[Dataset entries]
★ ★ ★

lemma card_zero_perms_unique_max:
  assumes v: "strict_mono_on {..<p} v" and "i < p"
    and a: "\<And>j. j < p \<Longrightarrow> j \<noteq> i \<Longrightarrow> a j < a i"
  shows "card (zero_perms p a v) \<le> fact (p - 1)"
proof -
  let ?X = "{\<sigma>. \<sigma> permutes {..<p}}"
  let ?F = "{\<sigma>. \<sigma> permutes {..<p} \<and> (\<forall>k\<in>{i}. \<sigma> k = p - 1)}"
  have "card {\<sigma> \<in> ?X. pairing p a v \<sigma> = 0} \<le> card ?F"
  proof (rule card_level_set_le_card_terminal
      [where step = "\<lambda>\<sigma>. raise \<sigma> i" and height = "\<lambda>\<sigma>. p - 1 - \<sigma> i"])
    fix \<sigma> assume "\<sigma> \<in> ?X" "0 < p - 1 - \<sigma> i"
    then have \<sigma>: "\<sigma> permutes {..<p}" and "Suc (\<sigma> i) < p" by auto
    show "raise \<sigma> i \<in> ?X" using raise_permutes[OF \<sigma> \<open>Suc (\<sigma> i) < p\<close>] by simp
    show "p - 1 - raise \<sigma> i i = p - 1 - \<sigma> i - 1" by simp
    show "pairing p a v \<sigma> < pairing p a v (raise \<sigma> i)"
      using pairing_raise_gt[OF v \<sigma> \<open>Suc (\<sigma> i) < p\<close>] a by (metis n_not_Suc_n)
  next
    show "inj_on (\<lambda>\<sigma>. raise \<sigma> i) {\<sigma> \<in> ?X. 0 < p - 1 - \<sigma> i}"
      by (auto intro: inj_onI raise_inj)
  next
    show "finite ?F"
      using finite_permutations[of "{..<p}"] by (auto elim: rev_finite_subset)
  next
    fix \<sigma> assume "\<sigma> \<in> ?X" "p - 1 - \<sigma> i = 0"
    then show "\<sigma> \<in> ?F" using permutes_in_image[of \<sigma> "{..<p}" i] \<open>i < p\<close> by auto
  qed
  also have "\<dots> \<le> fact (card {..<p} - card {i})"
    using card_permutes_fixing_le[of "{..<p}" "{i}" "\<lambda>_. p - 1"] \<open>i < p\<close> by simp
  finally show ?thesis by (simp add: zero_perms_def)
qed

★ ★ ★

What needs to be done: Retype the records that precede this task, keeping them exactly the same.

Result of the task:
lemma card_zero_perms_unique_max:
  assumes v: "strict_mono_on {..<p} v" and "i < p"
    and a: "\<And>j. j < p \<Longrightarrow> j \<noteq> i \<Longrightarrow> a j < a i"
  shows "card (zero_perms p a v) \<le> fact (p - 1)"
proof -
  let ?X = "{\<sigma>. \<sigma> permutes {..<p}}"
  let ?F = "{\<sigma>. \<sigma> permutes {..<p} \<and> (\<forall>k\<in>{i}. \<sigma> k = p - 1)}"
  have "card {\<sigma> \<in> ?X. pairing p a v \<sigma> = 0} \<le> card ?F"
  proof (rule card_level_set_le_card_terminal
      [where step = "\<lambda>\<sigma>. raise \<sigma> i" and height = "\<lambda>\<sigma>. p - 1 - \<sigma> i"])
    fix \<sigma> assume "\<sigma> \<in> ?X" "0 < p - 1 - \<sigma> i"
    then have \<sigma>: "\<sigma> permutes {..<p}" and "Suc (\<sigma> i) < p" by auto
    show "raise \<sigma> i \<in> ?X" using raise_permutes[OF \<sigma> \<open>Suc (\<sigma> i) < p\<close>] by simp
    show "p - 1 - raise \<sigma> i i = p - 1 - \<sigma> i - 1" by simp
    show "pairing p a v \<sigma> < pairing p a v (raise \<sigma> i)"
      using pairing_raise_gt[OF v \<sigma> \<open>Suc (\<sigma> i) < p\<close>] a by (metis n_not_Suc_n)
  next
    show "inj_on (\<lambda>\<sigma>. raise \<sigma> i) {\<sigma> \<in> ?X. 0 < p - 1 - \<sigma> i}"
      by (auto intro: inj_onI raise_inj)
  next
    show "finite ?F"
      using finite_permutations[of "{..<p}"] by (auto elim: rev_finite_subset)
  next
    fix \<sigma> assume "\<sigma> \<in> ?X" "p - 1 - \<sigma> i = 0"
    then show "\<sigma> \<in> ?F" using permutes_in_image[of \<sigma> "{..<p}" i] \<open>i < p\<close> by auto
  qed
  also have "\<dots> \<le> fact (card {..<p} - card {i})"
    using card_permutes_fixing_le[of "{..<p}" "{i}" "\<lambda>_. p - 1"] \<open>i < p\<close> by simp
  finally show ?thesis by (simp add: zero_perms_def)
qed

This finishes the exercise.